As shown in fig. 5, when p0 is performing the computation acceleration in the corresponding region, the other PEs are also performing the array computation acceleration in parallel and synchronously. The central point of the IRA area corresponding to each PE is marked by a cross. The addresses and the sequence of the respective areas accessed by all the PEs are the same, which simplifies the complexity of the control circuit.

The invention can meet the input data throughput performance by the area parallel input device and according to the design of the method for dividing the areas accessed by the PEs, the circuit design is simplified, and the method for dividing the input data is simple and visual.

The present invention may be described in the general context of general and/or extended instructions executed by a central controller, such as a software program. Software programs generally include routines, objects, components, data structures, reference models, and the like that perform particular tasks or implement particular data types.

The above-mentioned embodiments are intended to illustrate the objects, technical solutions and advantages of the present invention in further detail, and it should be understood that the above-mentioned embodiments are merely exemplary embodiments of the present invention, and are not intended to limit the scope of the present invention, and any modifications, equivalent substitutions, improvements and the like made within the spirit and principle of the present invention should be included in the scope of the present invention.

Claims

1. A region parallel data loading apparatus in a deep convolutional neural network hardware parallel accelerator, comprising:

2. The parallel input register array of claim 1, wherein for a feature map stored in the input buffer and output by a hidden layer before a deep convolutional neural network algorithm layer, the parallel input register array provides a fast register region for data rearrangement, which simplifies the difficulty of input data arrangement; the parallel input register array can be repeatedly accessed, and when the data in the parallel input register array is invalidated, new data can be quickly written in from the input buffer; the register array supports random access, simultaneous parallel access and multi-path concurrent access, and the number of concurrent paths is not less than the number of parallel acceleration computing units in a deep convolutional neural network hardware parallel accelerator.

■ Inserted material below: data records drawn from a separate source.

lemma left_division: "a \<in> L \<Longrightarrow> b \<in> L \<Longrightarrow> \<exists>!x. x \<in> L \<and> a \<cdot> x = b"
  using loop by (simp add: loop_def)

lemma right_division: "a \<in> L \<Longrightarrow> b \<in> L \<Longrightarrow> \<exists>!x. x \<in> L \<and> x \<cdot> a = b"
  using loop by (simp add: loop_def)

lemma left_cancel:
  assumes "a \<in> L" "x \<in> L" "y \<in> L" "a \<cdot> x = a \<cdot> y" shows "x = y"
proof -
  have "\<exists>!z. z \<in> L \<and> a \<cdot> z = a \<cdot> x" using left_division[OF assms(1) closed[OF assms(1,2)]] .
  then show ?thesis using assms(2-4) by (auto elim: ex1E)
qed

lemma right_cancel:
  assumes "a \<in> L" "x \<in> L" "y \<in> L" "x \<cdot> a = y \<cdot> a" shows "x = y"
proof -
  have "\<exists>!z. z \<in> L \<and> z \<cdot> a = x \<cdot> a" using right_division[OF assms(1) closed[OF assms(2,1)]] .
  then show ?thesis using assms(2-4) by (auto elim: ex1E)
qed

lemma rinv: "x \<in> L \<Longrightarrow> rho x \<in> L \<and> x \<cdot> rho x = e"
  unfolding rinv_def by (rule theI') (rule left_division[OF _ unit_closed])

lemma linv: "x \<in> L \<Longrightarrow> lam x \<in> L \<and> lam x \<cdot> x = e"
  unfolding linv_def by (rule theI') (rule right_division[OF _ unit_closed])

lemma rinv_unique: "x \<in> L \<Longrightarrow> y \<in> L \<Longrightarrow> x \<cdot> y = e \<Longrightarrow> rho x = y"
  using rinv left_cancel by metis

lemma bij_left_mult:
  assumes a: "a \<in> L" shows "bij_betw (\<lambda>x. a \<cdot> x) L L"
proof (rule bij_betw_imageI)
  show "inj_on (\<lambda>x. a \<cdot> x) L" using left_cancel[OF a] by (auto simp: inj_on_def)
  have "y \<in> (\<lambda>x. a \<cdot> x) ` L" if "y \<in> L" for y
    using left_division[OF a that] by blast
  then show "(\<lambda>x. a \<cdot> x) ` L = L" using closed[OF a] by blast
qed

lemma bij_right_mult:
  assumes a: "a \<in> L" shows "bij_betw (\<lambda>x. x \<cdot> a) L L"
proof (rule bij_betw_imageI)
  show "inj_on (\<lambda>x. x \<cdot> a) L" using right_cancel[OF a] by (auto simp: inj_on_def)
  have "y \<in> (\<lambda>x. x \<cdot> a) ` L" if "y \<in> L" for y
    using right_division[OF a that] by blast
  then show "(\<lambda>x. x \<cdot> a) ` L = L" using closed[OF _ a] by blast
qed

lemma bij_two_sided_mult: "a \<in> L \<Longrightarrow> b \<in> L \<Longrightarrow> bij_betw (\<lambda>x. b \<cdot> (x \<cdot> a)) L L"
  using bij_betw_trans[OF bij_right_mult bij_left_mult] by (simp add: comp_def)
(* Let $M$ be a finite-dimensional smooth manifold and $E$ a locally convex space. For each equivalence class $[f]\subseteq C^\infty_{fS}(M,E)$ define $\phi_{[f]}\colon [f]\to C^\infty_{vS,c}(M,E)$, $g\mapsto g-f$. Then $\{([f],\phi_{[f]})\}_{f\in C^\infty(M,E)}$ is a smooth atlas (each $\phi_{[f]}$ is a homeomorphism onto $C^\infty_{vS,c}(M,E)$, the domains cover $C^\infty_{fS}(M,E)$, and the transition maps are smooth), so $C^\infty_{fS}(M,E)$ is a smooth manifold modeled on the locally convex space $C^\infty_{vS,c}(M,E)$.
   Context: Conventions: finite-dimensional manifolds are smooth, Hausdorff and $\sigma$-compact. Locally convex spaces are real Hausdorff locally convex topological vector spaces; differentiability is in the sense of Bastiani (Keller $C^r$-theory): for $U\subseteq E$ open and $f\colon U\to F$, $d^{(k)}f(x;y_1,\dots,y_k)=D_{y_k}\cdots D_{y_1}f(x)$ is the iterated directional derivative, and $f$ is smooth if all these exist and are continuous on $U\times E^k$ (and $f$ is continuous); manifolds modeled on locally convex spaces and smooth maps between them are defined via charts with smooth transition maps. Let $M$ be a finite-dimensional manifold of dimension $m$ and $e_1,\dots,e_m$ the standard basis of $\mathbb{R}^m$. For a locally convex space $E$, a continuous seminorm $p$ on $E$, an open $W\subseteq\mathbb{R}^m$, a smooth $g\colon W\to E$, a compact $A\subseteq W$ and $r\in\mathbb{N}_0$ put $\|g\|(r,A,p)=\sup\{p(d^{(k)}g(a;\alpha)) : a\in A,\ \alpha\in\{e_1,\dots,e_m\}^k,\ 0\le k\le r\}$ (for $E=\mathbb{R}^n$ one takes $p=\|\cdot\|_\infty$ and writes $\|g\|(r,A)$). For a manifold $X$ modeled on $E$, $f\in C^\infty(M,X)$, a chart $(U,\phi)$ of $M$, a compact $A\subseteq U$, a chart $(V,\psi)$ of $X$ with $f(A)\subseteq V$, a continuous seminorm $p$ on $E$, $r\in\mathbb{N}_0$ and $\epsilon>0$, the elementary neighborhood is $\mathcal{N}^r(f;A,(U,\phi),(V,\psi),p,\epsilon)=\{h\in C^\infty(M,X): h(A)\subseteq V,\ \|\psi\circ h\circ\phi^{-1}-\psi\circ f\circ\phi^{-1}\|(r,\phi(A),p)<\epsilon\}$. A basic neighborhood of $f$ is an intersection $\bigcap_{i\in\Lambda}\mathcal{N}^{r_i}(f;A_i,(U_i,\phi_i),(V_i,\psi_i),p_i,\epsilon_i)$ of elementary neighborhoods of $f$ such that the family $\{A_i\}_{i\in\Lambda}$ is locally finite in $M$. The very strong topology on $C^\infty(M,X)$ is the topology with the basic neighborhoods (of all $f$) as a basis; $C^\infty_{vS}(M,X)$ denotes $C^\infty(M,X)$ with this topology. When source or target is a vector space, its identity chart is used and omitted from the notation. Fine very strong topology: $f,g\in C^\infty(M,X)$ are equivalent, $f\sim g$, if $\overline{\{x\in M: f(x)\neq g(x)\}}$ is compact; the fine very strong topology on $C^\infty(M,X)$ is the topology generated by the very strong topology together with all equivalence classes $[f]$ (so each class is open); $C^\infty_{fS}(M,X)$ denotes $C^\infty(M,X)$ with this topology. $C^\infty_{vS,c}(M,E)$ denotes the set of $f\in C^\infty(M,E)$ with $\overline{\{x: f(x)\ne 0\}}$ compact, with the subspace topology from $C^\infty_{vS}(M,E)$ and pointwise vector space operations; it is a locally convex space. Each class $[f]$ carries the subspace topology of $C^\infty_{fS}(M,E)$. *)

theory Defs
  imports "HOL-Analysis.Analysis" "HOL-Library.Function_Algebras"
begin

3. A method of designing a parallel input register array as claimed in claims 1-2, characterized in that the dimensioning is related to the instantiated dimensions of the array of parallel computing units, satisfying a specific design formula.

4. The parallel input data access engine of claim 1, comprising:

carrying out regional parallel and concurrent access on data in the parallel input register array, wherein the access is neither serial access nor random access of a full address space, and the number of concurrent access paths is not less than the number of parallel acceleration computing units in a deep convolutional neural network hardware parallel accelerator;

the regional data in the parallel input register array is repeatedly accessed according to a certain rule, so that the regional data coupling characteristic of the input characteristic diagram of the convolutional neural network algorithm layer can be exerted in the data region, and repeated data do not need to be repeatedly written into the parallel input register array in a large quantity.

5. The design method of the parallel input data access engine according to claim 1 and 4, characterized in that the area in the parallel input register array is subjected to regionalized parallel and concurrent access, which is neither serial access nor random access of the full address space; for the simultaneous and concurrent multiple access, the address calculation follows a specific calculation rule, and the conversion rule is simple. The design method can simplify the complexity of a hardware circuit in the hardware engine module and reduce the area and the power consumption.